* **ABOUT THIS TASK**:
Output range, inclusive: from the line containing "b = (\<Sum>c1<q." to the line containing "U = (\<Sum>i<q.". Restate those lines from the data below word for word and only those.

* **SUPPLIED MATERIAL**:
(* Let $q\ge2$ and let $U$ be a dual-unitary operator on $\mathbb{C}^q\otimes\mathbb{C}^q$. Then $$\|\mathcal{M}_+^U\|_2^2=\|\mathcal{M}_-^U\|_2^2=1+(q^2-1)\bigl(1-e_p(U)\bigr),\qquad \|\mathcal{M}_+^U-\mathcal{P}\|_2^2=(q^2-1)\bigl(1-e_p(U)\bigr),$$ where $\mathcal{P}(a)=\operatorname{tr}(a)I/q$. In particular these norms are unchanged when $U$ is replaced by $(u_1\otimes u_2)U(v_1\otimes v_2)$ for any single-site unitaries $u_i,v_i\in U(q)$.
   Context: Product basis $|i\alpha\rangle=|i\rangle\otimes|\alpha\rangle$ of $\mathbb{C}^q\otimes\mathbb{C}^q$. For an operator $X$ define the realignment $\langle\beta\alpha|X^{R_1}|ji\rangle=\langle i\alpha|X|j\beta\rangle$. A unitary $U$ is dual-unitary if $U^{R_1}$ is unitary. $S$ is the swap, $S|\phi\rangle|\psi\rangle=|\psi\rangle|\phi\rangle$. The operator entanglement is $E(U)=1-q^{-4}\operatorname{tr}[(U^{R_1}U^{R_1\dagger})^2]$ and the entangling power is $e_p(U)=\frac{E(U)+E(US)-E(S)}{E(S)}$ with $E(S)=1-1/q^2$. The maps $\mathcal{M}_+^U(a)=\frac1q\operatorname{tr}_1[U^\dagger(a\otimes I)U]$ and $\mathcal{M}_-^U(a)=\frac1q\operatorname{tr}_2[U^\dagger(I\otimes a)U]$ act on $q\times q$ complex matrices. For a linear map $\mathcal{N}$ on $q\times q$ matrices, $\|\mathcal{N}\|_2^2=\sum_{j,l}\operatorname{tr}[\mathcal{N}(E_{jl})^\dagger\mathcal{N}(E_{jl})]$, with $E_{jl}=|j\rangle\langle l|$ the matrix units (Hilbert–Schmidt norm of the map w.r.t. the inner product $\operatorname{tr}(a^\dagger b)$). *)

theory Defs
  imports Complex_Main
begin

text \<open>Operators on C^q (x) C^q are represented by their matrix entries in the product
basis: X (i,a) (j,b) = <i a| X |j b>, indices ranging over {..<q} x {..<q}.
Single-site operators are q x q matrices m i j = <i|m|j>, indices in {..<q}.\<close>

type_synonym op1 = "nat \<Rightarrow> nat \<Rightarrow> complex"
type_synonym op2 = "nat \<times> nat \<Rightarrow> nat \<times> nat \<Rightarrow> complex"

definition idx2 :: "nat \<Rightarrow> (nat \<times> nat) set" where
  "idx2 q = {..<q} \<times> {..<q}"

definition mult2 :: "nat \<Rightarrow> op2 \<Rightarrow> op2 \<Rightarrow> op2" where
  "mult2 q X Y = (\<lambda>a b. \<Sum>c\<in>idx2 q. X a c * Y c b)"

definition adj2 :: "op2 \<Rightarrow> op2" where
  "adj2 X = (\<lambda>a b. cnj (X b a))"

definition id2 :: op2 where
  "id2 = (\<lambda>a b. if a = b then 1 else 0)"

definition trace2 :: "nat \<Rightarrow> op2 \<Rightarrow> complex" where
  "trace2 q X = (\<Sum>a\<in>idx2 q. X a a)"

definition unitary2 :: "nat \<Rightarrow> op2 \<Rightarrow> bool" where
  "unitary2 q U \<longleftrightarrow>
     (\<forall>a\<in>idx2 q. \<forall>b\<in>idx2 q. mult2 q (adj2 U) U a b = id2 a b) \<and>
     (\<forall>a\<in>idx2 q. \<forall>b\<in>idx2 q. mult2 q U (adj2 U) a b = id2 a b)"

definition unitary1 :: "nat \<Rightarrow> op1 \<Rightarrow> bool" where
  "unitary1 q u \<longleftrightarrow>
     (\<forall>i<q. \<forall>j<q. (\<Sum>k<q. cnj (u k i) * u k j) = (if i = j then 1 else 0)) \<and>
     (\<forall>i<q. \<forall>j<q. (\<Sum>k<q. u i k * cnj (u j k)) = (if i = j then 1 else 0))"

definition realign :: "op2 \<Rightarrow> op2" where
  "realign X = (\<lambda>(\<beta>, \<alpha>) (j, i). X (i, \<alpha>) (j, \<beta>))"

definition dual_unitary :: "nat \<Rightarrow> op2 \<Rightarrow> bool" where
  "dual_unitary q U \<longleftrightarrow> unitary2 q U \<and> unitary2 q (realign U)"

text \<open>Swap: S|phi>|psi> = |psi>|phi>, i.e. <i a|S|j b> = [i=b][a=j].\<close>
definition swap2 :: op2 where
  "swap2 = (\<lambda>(i, \<alpha>) (j, \<beta>). if i = \<beta> \<and> \<alpha> = j then 1 else 0)"

definition opent :: "nat \<Rightarrow> op2 \<Rightarrow> real" where
  "opent q U = 1 - Re (trace2 q (let R = mult2 q (realign U) (adj2 (realign U)) in mult2 q R R))
                   / (real q) ^ 4"

definition ent_power :: "nat \<Rightarrow> op2 \<Rightarrow> real" where
  "ent_power q U = (opent q U + opent q (mult2 q U swap2) - opent q swap2) / (1 - 1 / (real q)^2)"

definition tensor :: "op1 \<Rightarrow> op1 \<Rightarrow> op2" where
  "tensor a b = (\<lambda>(i, \<alpha>) (j, \<beta>). a i j * b \<alpha> \<beta>)"

definition id1 :: op1 where
  "id1 = (\<lambda>i j. if i = j then 1 else 0)"

definition ptr1 :: "nat \<Rightarrow> op2 \<Rightarrow> op1" where
  "ptr1 q X = (\<lambda>\<alpha> \<beta>. \<Sum>i<q. X (i, \<alpha>) (i, \<beta>))"

definition ptr2 :: "nat \<Rightarrow> op2 \<Rightarrow> op1" where
  "ptr2 q X = (\<lambda>i j. \<Sum>\<alpha><q. X (i, \<alpha>) (j, \<alpha>))"

definition Mplus :: "nat \<Rightarrow> op2 \<Rightarrow> op1 \<Rightarrow> op1" where
  "Mplus q U a = (\<lambda>m n. ptr1 q (mult2 q (adj2 U) (mult2 q (tensor a id1) U)) m n / of_nat q)"

definition Mminus :: "nat \<Rightarrow> op2 \<Rightarrow> op1 \<Rightarrow> op1" where
  "Mminus q U a = (\<lambda>m n. ptr2 q (mult2 q (adj2 U) (mult2 q (tensor id1 a) U)) m n / of_nat q)"

definition Pmap :: "nat \<Rightarrow> op1 \<Rightarrow> op1" where
  "Pmap q a = (\<lambda>m n. (\<Sum>k<q. a k k) * id1 m n / of_nat q)"

definition unit_mat :: "nat \<Rightarrow> nat \<Rightarrow> op1" where
  "unit_mat j l = (\<lambda>m n. if m = j \<and> n = l then 1 else 0)"

definition hs_norm2 :: "nat \<Rightarrow> (op1 \<Rightarrow> op1) \<Rightarrow> complex" where
  "hs_norm2 q N = (\<Sum>j<q. \<Sum>l<q. \<Sum>m<q. \<Sum>n<q.
       cnj (N (unit_mat j l) n m) * N (unit_mat j l) n m)"

end

theory Submission
  imports Defs
begin

text \<open>Expanding the Hilbert-Schmidt norm of \<open>M\<^sub>+\<close> in matrix units gives \<open>K(U)/q\<^sup>2\<close>, where
  \<open>K\<close> is a quartic form in the entries of \<open>U\<close> which also equals \<open>tr[(X X\<^sup>\<dagger>)\<^sup>2]\<close> for
  \<open>X = (U S)\<^sup>R\<^sup>1\<close>; and \<open>M\<^sub>-\<close> of \<open>U\<close> is \<open>M\<^sub>+\<close> of \<open>S U S\<close>, which has the same \<open>K\<close>.
  For dual-unitary \<open>U\<close> both \<open>E(U)\<close> and \<open>E(S)\<close> equal \<open>1 - 1/q\<^sup>2\<close>, so \<open>e\<^sub>p(U)\<close> is an affine
  function of \<open>K(U)\<close>, which gives the first two identities. Subtracting \<open>\<P>\<close> changes the
  norm only through the diagonal, by \<open>1 - 2\<parallel>U\<parallel>\<^sub>F\<^sup>2/q\<^sup>2 = -1\<close>. Finally \<open>K\<close> and the
  Frobenius norm are invariant under a unitary acting on one leg of \<open>U\<close>; since the other legs
  are reached from the first output leg through \<open>U \<mapsto> S U S\<close> and \<open>U \<mapsto> U\<^sup>\<dagger>\<close>, under which
  both functionals are invariant, it suffices to check that leg, where it is unitarity of \<open>u\<close>
  in the form \<open>\<Sum>\<^sub>i (u f)\<^sub>i (u g)\<^sub>i\<^sup>* = \<Sum>\<^sub>c f\<^sub>c g\<^sub>c\<^sup>*\<close>.\<close>

lemma sum_idx2: "(\<Sum>x\<in>idx2 q. f x) = (\<Sum>i<q. \<Sum>j<q. f (i, j))"
  by (simp add: idx2_def sum.cartesian_product)

lemma if_zero_simps:
  "(if P then x else 0) * (y::complex) = (if P then x * y else 0)"
  "y * (if P then x else 0) = (if P then y * x else 0)"
  "cnj (if P then x else 0) = (if P then cnj x else 0)"
  "(if P \<and> Q then x else 0) = (if P then if Q then x else 0 else 0)"
  "(\<Sum>z\<in>A. if P then f z else 0) = (if P then (\<Sum>z\<in>A. f z) else 0)"
  by auto

lemma mult2_adj2: "mult2 q (adj2 U) X a b = (\<Sum>c1<q. \<Sum>c2<q. cnj (U (c1, c2) a) * X (c1, c2) b)"
  by (simp add: mult2_def adj2_def sum_idx2)

lemma mult2_tensor_unit_id1:
  assumes "c2 < q" "l < q"
  shows "mult2 q (tensor (unit_mat j l) id1) U (c1, c2) b = (if c1 = j then U (l, c2) b else 0)"
  using assms unfolding mult2_def sum_idx2 tensor_def unit_mat_def id1_def
  by (simp add: if_zero_simps sum.delta sum.delta' cong: if_cong)

lemma mult2_tensor_id1_unit:
  assumes "c1 < q" "l < q"
  shows "mult2 q (tensor id1 (unit_mat j l)) U (c1, c2) b = (if c2 = j then U (c1, l) b else 0)"
  using assms unfolding mult2_def sum_idx2 tensor_def unit_mat_def id1_def
  by (simp add: if_zero_simps sum.delta sum.delta' cong: if_cong)

lemma Mplus_unit_mat:
  assumes "j < q" "l < q"
  shows "Mplus q U (unit_mat j l) m n
           = (\<Sum>i<q. \<Sum>a<q. cnj (U (j, a) (i, m)) * U (l, a) (i, n)) / of_nat q"
  using assms unfolding Mplus_def ptr1_def mult2_adj2
  by (simp add: mult2_tensor_unit_id1 if_zero_simps sum.delta cong: if_cong)

lemma Mminus_unit_mat:
  assumes "j < q" "l < q"
  shows "Mminus q U (unit_mat j l) m n
           = (\<Sum>a<q. \<Sum>i<q. cnj (U (i, j) (m, a)) * U (i, l) (n, a)) / of_nat q"
  using assms unfolding Mminus_def ptr2_def mult2_adj2
  by (simp add: mult2_tensor_id1_unit if_zero_simps sum.delta' cong: if_cong)

lemma Pmap_unit_mat:
  "j < q \<Longrightarrow> Pmap q (unit_mat j l) m n = (if j = l \<and> m = n then 1 / of_nat q else 0)"
  by (simp add: Pmap_def id1_def unit_mat_def if_zero_simps sum.delta cong: if_cong)

definition quartic_form :: "nat \<Rightarrow> op2 \<Rightarrow> complex" where
  "quartic_form q U = (\<Sum>i<q. \<Sum>a<q. \<Sum>b<q. \<Sum>j<q. \<Sum>i'<q. \<Sum>a'<q. \<Sum>b'<q. \<Sum>j'<q.
     U (i, a) (b, j) * cnj (U (i, a') (b', j)) * U (i', a') (b', j') * cnj (U (i', a) (b, j')))"

definition swap_conj :: "op2 \<Rightarrow> op2" where
  "swap_conj U = (\<lambda>(i, a) (j, b). U (a, i) (b, j))"

lemma hs_norm2_cong:
  assumes "\<And>j l m n. j < q \<Longrightarrow> l < q \<Longrightarrow> N (unit_mat j l) m n = N' (unit_mat j l) m n"
  shows "hs_norm2 q N = hs_norm2 q N'"
  using assms unfolding hs_norm2_def by (intro sum.cong refl) auto

lemma hs_norm2_real: "hs_norm2 q N = of_real (Re (hs_norm2 q N))"
  by (simp add: complex_eq_iff hs_norm2_def Im_sum)

lemma cnj_sum2_mult_sum2:
  "cnj (\<Sum>i<q. \<Sum>a<q. f i a) * (\<Sum>i<q. \<Sum>a<q. g i a)
     = (\<Sum>i<q. \<Sum>a<q. \<Sum>i'<q. \<Sum>a'<q. cnj (f i a) * g i' a')"
  by (simp only: cnj_sum sum_distrib_right) (simp only: sum_distrib_left)

lemma hs_norm2_Mplus: "hs_norm2 q (Mplus q U) = quartic_form q U / (of_nat q)^2"
proof -
  have "hs_norm2 q (Mplus q U) = (\<Sum>j<q. \<Sum>l<q. \<Sum>m<q. \<Sum>n<q.
      cnj (\<Sum>i<q. \<Sum>a<q. cnj (U (j, a) (i, n)) * U (l, a) (i, m)) *
      (\<Sum>i<q. \<Sum>a<q. cnj (U (j, a) (i, n)) * U (l, a) (i, m))) / (of_nat q)^2"
    unfolding hs_norm2_def sum_divide_distrib
    by (intro sum.cong refl) (simp add: Mplus_unit_mat power2_eq_square)
  also have "\<dots> = (\<Sum>j<q. \<Sum>l<q. \<Sum>m<q. \<Sum>n<q. \<Sum>i<q. \<Sum>a<q. \<Sum>i'<q. \<Sum>a'<q.
        U (j, a) (i, n) * cnj (U (l, a) (i, m)) * cnj (U (j, a') (i', n)) * U (l, a') (i', m))
      / (of_nat q)^2"
    unfolding cnj_sum2_mult_sum2 by (simp add: mult_ac)
  also have "(\<Sum>j<q. \<Sum>l<q. \<Sum>m<q. \<Sum>n<q. \<Sum>i<q. \<Sum>a<q. \<Sum>i'<q. \<Sum>a'<q.
      U (j, a) (i, n) * cnj (U (l, a) (i, m)) * cnj (U (j, a') (i', n)) * U (l, a') (i', m))
      = quartic_form q U"
    unfolding quartic_form_def sum.cartesian_product
    by (rule sum.reindex_bij_witness[where j="\<lambda>(j,l,m,n,i,a,i',a'). (j,a,i,n,l,a',i',m)"
        and i="\<lambda>(i,a,b,j,i',a',b',j'). (i,i',j',j,b,a,b',a')"]) (auto simp: mult_ac)
  finally show ?thesis .
qed

lemma Mminus_eq_Mplus_swap_conj:
  "j < q \<Longrightarrow> l < q \<Longrightarrow> Mminus q U (unit_mat j l) m n = Mplus q (swap_conj U) (unit_mat j l) m n"
  by (simp add: Mminus_unit_mat Mplus_unit_mat swap_conj_def)

lemma quartic_form_swap_conj: "quartic_form q (swap_conj U) = quartic_form q U"
  unfolding quartic_form_def swap_conj_def sum.cartesian_product
  by (rule sum.reindex_bij_witness[where i="\<lambda>(i,a,b,j,i',a',b',j'). (a,i,j,b,a',i',j',b')"
      and j="\<lambda>(i,a,b,j,i',a',b',j'). (a,i,j,b,a',i',j',b')"]) (auto simp: mult_ac)

lemma hs_norm2_Mminus_eq_Mplus: "hs_norm2 q (Mminus q U) = hs_norm2 q (Mplus q U)"
proof -
  have "hs_norm2 q (Mminus q U) = hs_norm2 q (Mplus q (swap_conj U))"
    by (rule hs_norm2_cong) (rule Mminus_eq_Mplus_swap_conj)
  then show ?thesis
    by (simp add: hs_norm2_Mplus quartic_form_swap_conj)
qed

definition frob_norm2 :: "nat \<Rightarrow> op2 \<Rightarrow> complex" where
  "frob_norm2 q U = (\<Sum>x\<in>idx2 q. \<Sum>y\<in>idx2 q. U x y * cnj (U x y))"

lemma cnj_frob_norm2: "cnj (frob_norm2 q U) = frob_norm2 q U"
  by (simp add: frob_norm2_def cnj_sum mult.commute)

lemma frob_norm2_unitary:
  assumes "unitary2 q U"
  shows "frob_norm2 q U = (of_nat q)^2"
proof -
  have "frob_norm2 q U = (\<Sum>y\<in>idx2 q. mult2 q (adj2 U) U y y)"
    unfolding frob_norm2_def mult2_def adj2_def by (subst sum.swap) (simp add: mult.commute)
  also have "\<dots> = (\<Sum>y\<in>idx2 q. 1)"
    using assms by (intro sum.cong refl) (simp add: unitary2_def id2_def)
  finally show ?thesis
    by (simp add: idx2_def power2_eq_square)
qed

lemma sum_diag_Mplus_unit_mat:
  "(\<Sum>j<q. \<Sum>n<q. Mplus q U (unit_mat j j) n n) = frob_norm2 q U / of_nat q"
proof -
  have "(\<Sum>j<q. \<Sum>n<q. Mplus q U (unit_mat j j) n n)
     = (\<Sum>j<q. \<Sum>n<q. \<Sum>i<q. \<Sum>a<q. U (j, a) (i, n) * cnj (U (j, a) (i, n))) / of_nat q"
    unfolding sum_divide_distrib
    by (intro sum.cong refl) (simp add: Mplus_unit_mat mult.commute sum_divide_distrib)
  also have "(\<Sum>j<q. \<Sum>n<q. \<Sum>i<q. \<Sum>a<q. U (j, a) (i, n) * cnj (U (j, a) (i, n))) = frob_norm2 q U"
    unfolding frob_norm2_def sum_idx2 unfolding sum.cartesian_product
    by (rule sum.reindex_bij_witness[where j="\<lambda>(j,n,i,a). (j,a,i,n)" and i="\<lambda>(j,a,i,n). (j,n,i,a)"])
      auto
  finally show ?thesis .
qed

* **EXERCISE ANSWER**:
lemma mult2_adj2: "mult2 q (adj2 U) X a b = (\<Sum>c1<q. \<Sum>c2<q. cnj (U (c1, c2) a) * X (c1, c2) b)"
  by (simp add: mult2_def adj2_def sum_idx2)

lemma mult2_tensor_unit_id1:
  assumes "c2 < q" "l < q"
  shows "mult2 q (tensor (unit_mat j l) id1) U (c1, c2) b = (if c1 = j then U (l, c2) b else 0)"
  using assms unfolding mult2_def sum_idx2 tensor_def unit_mat_def id1_def
  by (simp add: if_zero_simps sum.delta sum.delta' cong: if_cong)

lemma mult2_tensor_id1_unit:
  assumes "c1 < q" "l < q"
  shows "mult2 q (tensor id1 (unit_mat j l)) U (c1, c2) b = (if c2 = j then U (c1, l) b else 0)"
  using assms unfolding mult2_def sum_idx2 tensor_def unit_mat_def id1_def
  by (simp add: if_zero_simps sum.delta sum.delta' cong: if_cong)

lemma Mplus_unit_mat:
  assumes "j < q" "l < q"
  shows "Mplus q U (unit_mat j l) m n
           = (\<Sum>i<q. \<Sum>a<q. cnj (U (j, a) (i, m)) * U (l, a) (i, n)) / of_nat q"
  using assms unfolding Mplus_def ptr1_def mult2_adj2
  by (simp add: mult2_tensor_unit_id1 if_zero_simps sum.delta cong: if_cong)

lemma Mminus_unit_mat:
  assumes "j < q" "l < q"
  shows "Mminus q U (unit_mat j l) m n
           = (\<Sum>a<q. \<Sum>i<q. cnj (U (i, j) (m, a)) * U (i, l) (n, a)) / of_nat q"
  using assms unfolding Mminus_def ptr2_def mult2_adj2
  by (simp add: mult2_tensor_id1_unit if_zero_simps sum.delta' cong: if_cong)

lemma Pmap_unit_mat:
  "j < q \<Longrightarrow> Pmap q (unit_mat j l) m n = (if j = l \<and> m = n then 1 / of_nat q else 0)"
  by (simp add: Pmap_def id1_def unit_mat_def if_zero_simps sum.delta cong: if_cong)

definition quartic_form :: "nat \<Rightarrow> op2 \<Rightarrow> complex" where
  "quartic_form q U = (\<Sum>i<q. \<Sum>a<q. \<Sum>b<q. \<Sum>j<q. \<Sum>i'<q. \<Sum>a'<q. \<Sum>b'<q. \<Sum>j'<q.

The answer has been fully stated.